I really struggled with this book. I went into it with really high expectations, and therefore for the first two-thirds of it I was anxiously anticipating what makes this such a highly acclaimed read. The answer, for me at least, was the ending. The last third, and really the shift into Nuria’s perspective, saved this book for me and I found myself finally enjoying the story. While I could appreciate the writing and the plot up until that point, I wasn’t particularly entranced by the mystery and it felt like I was just plodding along; for that reason, I would give this book 3 ½ stars. 

The perspective is that of a teenage boy and is told in first-person, which at least partially was the reason I found it so hard to get sucked into this book. Since I felt distanced from the characters and the goings-on, it didn’t take much to jar me while reading and throw me out of the plot. Every asinine opinion on women, the fetishization of a “mulatto” woman, or the dismissive way sexual assault was casually sprinkled throughout the book was enough to disrupt my reading and fuel my distaste. 

Again, like I said, I can appreciate what Zafón was trying to achieve here in a literary sense. I would love to have properly analyzed this book in a classroom setting to better understand the nuance of mid-twentieth century Spain, rather than rely on my own haphazard understanding and research. 

“Wars have no memory, and nobody has the courage to understand them until there are no voices left to tell what happened, until the moment comes when we no longer recognize them and they return, with another face and another name, to devour what they left behind.” 

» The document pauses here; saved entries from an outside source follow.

theorem theorem1:
  shows "\<exists>c>0. \<forall>(S::nat set) (A::nat set) (P::nat \<Rightarrow> nat \<Rightarrow> nat pmf) (R::qfun) (Rmax::real)
      (\<gamma>::real) (d0::nat pmf) (dD::(nat \<times> nat) pmf) (F::qfun set) (Pols::policy set)
      (n::nat) (\<delta>::real).
    finite S \<and> S \<noteq> {} \<and> finite A \<and> A \<noteq> {}
    \<and> (\<forall>s\<in>S. \<forall>a\<in>A. set_pmf (P s a) \<subseteq> S)
    \<and> (\<forall>s\<in>S. \<forall>a\<in>A. 0 \<le> R s a \<and> R s a \<le> Rmax)
    \<and> 0 \<le> \<gamma> \<and> \<gamma> < 1
    \<and> set_pmf d0 \<subseteq> S \<and> set_pmf dD \<subseteq> S \<times> A
    \<and> finite F
    \<and> (\<forall>f\<in>F. \<forall>s a. (s \<in> S \<and> a \<in> A \<longrightarrow> 0 \<le> f s a \<and> f s a \<le> Rmax / (1 - \<gamma>))
                   \<and> (\<not> (s \<in> S \<and> a \<in> A) \<longrightarrow> f s a = 0))
    \<and> finite Pols
    \<and> (\<forall>pol\<in>Pols. (\<forall>s\<in>S. set_pmf (pol s) \<subseteq> A) \<and> (\<forall>s. s \<notin> S \<longrightarrow> pol s = return_pmf 0))
    \<and> (\<forall>pol\<in>Pols. \<forall>f\<in>F. Tpi S A R \<gamma> P pol f \<in> F)
    \<and> (\<forall>pol\<in>Pols. \<forall>s\<in>S. \<forall>a\<in>A. pmf dD (s, a) = 0 \<longrightarrow> docc \<gamma> P d0 pol s a = 0)
    \<and> n \<ge> 1 \<and> 0 < \<delta> \<and> \<delta> < 1
    \<longrightarrow> measure_pmf.prob (dataset n (Ddist R P dD))
          {Ds. \<forall>(fhat::policy \<Rightarrow> qfun) (polhat::policy).
             (\<forall>pol\<in>Pols. fhat pol \<in> F \<and> (\<forall>g\<in>F. Ehat F \<gamma> n Ds (fhat pol) pol \<le> Ehat F \<gamma> n Ds g pol))
             \<and> polhat \<in> Pols \<and> (\<forall>pol\<in>Pols. Jf d0 (fhat pol) pol \<le> Jf d0 (fhat polhat) polhat)
             \<longrightarrow> (\<forall>pcp\<in>Pols. Jret R \<gamma> P d0 pcp - Jret R \<gamma> P d0 polhat
                   \<le> c * ((Rmax / (1 - \<gamma>)) / (1 - \<gamma>))
                       * sqrt ((Max ((Cconc S A \<gamma> P d0 dD) ` Pols))
                               * ln (real (card F) * real (card Pols) / \<delta>) / real n))}
        \<ge> 1 - \<delta>"
proof (intro exI[of _ "16::real"] conjI allI impI zero_less_numeral, elim conjE, goal_cases)
  case (1 S A P R Rmax \<gamma> d0 dD F Pols n \<delta>)
  interpret finite_mdp S A P R Rmax \<gamma> d0 dD
    by unfold_locales (use 1 in auto)
  show ?case
    by (rule regret_within_with_high_probability[unfolded regret_within_def Vmax_def])
       (use 1 in \<open>auto simp: valid_qfun_def valid_policy_def Vmax_def\<close>)
qed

This is a multi-generational story, with the actions of 20/30 years ago affecting and mirroring a younger generation. At its heart, there is a cautionary tale of second chances and the destruction that hate and prejudices carry. As well, there are beautiful and evocative lines. This is a book largely about a book, which naturally leads to beautiful phrases about storytelling, reading, and human nature. 

“The words with which a child’s heart is poisoned, through malice or through ignorance, remain branded in his memory, and sooner or later they burn his soul.” 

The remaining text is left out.